(* Fix $k=1$ and $\epsilon$ with $0\le\epsilon\le1/2$, and assume $m^{\epsilon}\le\sqrt n$. Any deterministic coverage oracle that stores a datastructure of at most $b=nm^{1-2\epsilon}$ bits does not attain an approximation ratio of $O(m^{\epsilon-\delta})$ for any constant $\delta>0$.
   Context: A set system with $n$ items and $m$ sets is a pair $(\mathcal X,\mathcal I)$ with $\mathcal X=\{1,\dots,n\}$ and $\mathcal I$ an indexed family of $m$ subsets of $\mathcal X$. For $k\ge1$ and a query $Q\subseteq\mathcal X$, $OPT(k,\mathcal X,\mathcal I,Q)=\max\{|(\bigcup_{S\in\mathcal J}S)\cap Q| : \mathcal J\subseteq\mathcal I,|\mathcal J|\le k\}$. A deterministic coverage oracle consists of a deterministic static stage mapping $(n,m,k,(\mathcal X,\mathcal I))$ to a bit string $\mathcal D$ (the datastructure), and a deterministic dynamic stage mapping $(\mathcal D,Q)$, for $Q\subseteq\mathcal X$, to (indices of) $\mathcal J\subseteq\mathcal I$ with $|\mathcal J|\le k$, without access to $(\mathcal X,\mathcal I)$; $\mathcal A(k,\mathcal X,\mathcal I,Q)=|(\bigcup_{S\in\mathcal J}S)\cap Q|$. The approximation ratio is $\max OPT/\mathcal A$ over all set systems with $n$ items and $m$ sets and all queries $Q$. No computational restrictions are assumed. *)

theory Defs
  imports Complex_Main "HOL-Library.Extended_Real"
begin

definition set_system :: "nat \<Rightarrow> nat \<Rightarrow> (nat \<Rightarrow> nat set) \<Rightarrow> bool" where
  "set_system n m I \<longleftrightarrow> (\<forall>i<m. I i \<subseteq> {1..n}) \<and> (\<forall>i\<ge>m. I i = {})"

definition OPT :: "nat \<Rightarrow> nat \<Rightarrow> (nat \<Rightarrow> nat set) \<Rightarrow> nat set \<Rightarrow> nat" where
  "OPT k m I Q = Max {card ((\<Union>i\<in>J. I i) \<inter> Q) | J. J \<subseteq> {..<m} \<and> card J \<le> k}"

(* A(k, X, I, Q) for an oracle given by a static stage and a dynamic stage;
   the dynamic stage only sees the datastructure D and the query Q. *)
definition alg_value ::
  "(nat \<Rightarrow> nat \<Rightarrow> nat \<Rightarrow> (nat \<Rightarrow> nat set) \<Rightarrow> bool list) \<Rightarrow> (bool list \<Rightarrow> nat set \<Rightarrow> nat set)
    \<Rightarrow> nat \<Rightarrow> nat \<Rightarrow> nat \<Rightarrow> (nat \<Rightarrow> nat set) \<Rightarrow> nat set \<Rightarrow> nat" where
  "alg_value static dyn k n m I Q = card ((\<Union>i\<in>dyn (static n m k I) Q. I i) \<inter> Q)"

definition single_ratio :: "nat \<Rightarrow> nat \<Rightarrow> ereal" where
  "single_ratio opt a = (if a = 0 then (if opt = 0 then 1 else \<infinity>) else ereal (real opt / real a))"

definition approx_ratio ::
  "(nat \<Rightarrow> nat \<Rightarrow> nat \<Rightarrow> (nat \<Rightarrow> nat set) \<Rightarrow> bool list) \<Rightarrow> (bool list \<Rightarrow> nat set \<Rightarrow> nat set)
    \<Rightarrow> nat \<Rightarrow> nat \<Rightarrow> nat \<Rightarrow> ereal" where
  "approx_ratio static dyn k n m =
     Sup {single_ratio (OPT k m I Q) (alg_value static dyn k n m I Q) | I Q.
            set_system n m I \<and> Q \<subseteq> {1..n}}"

end

theory Submission
  imports Defs "HOL-Computational_Algebra.Computational_Algebra" "HOL-Combinatorics.Permutations"
begin

(* Suppose the approximation ratio were at most C * m^(eps - delta) for all large m.
   If eps < delta, this bound tends to 0, while every ratio is at least 1 (empty query).
   If delta <= eps, take t = ceil (1/eps), a large prime q, n = q^2 and m = floor (q^(1/eps)).
   Graphs of m distinct polynomials of degree <= t over Z_q give m subsets of {1..n} of size q
   with pairwise overlaps <= t (Lagrange's root bound modulo q).  Permuting these sets yields
   m! set systems, but the datastructure has at most n * m^(1 - 2 eps) <= m + 1 bits, so two
   different permutations share a datastructure.  Querying a set on which they disagree, the
   single returned index misses the query in one of the two systems, so the ratio is at least
   q/t, which exceeds C * m^(eps - delta) once q is large. *)

lemma int_dvd_diff_below_imp_eq:
  fixes q x a :: nat
  assumes "x < q" "a < q" "int q dvd int x - int a"
  shows "x = a"
  using assms by (metis mod_eq_dvd_iff of_nat_mod mod_less of_nat_eq_iff)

########################################

Assignment
Show every line of the data that includes the string "Union".

Written response
  "OPT k m I Q = Max {card ((\<Union>i\<in>J. I i) \<inter> Q) | J. J \<subseteq> {..<m} \<and> card J \<le> k}"
  "alg_value static dyn k n m I Q = card ((\<Union>i\<in>dyn (static n m k I) Q. I i) \<inter> Q)"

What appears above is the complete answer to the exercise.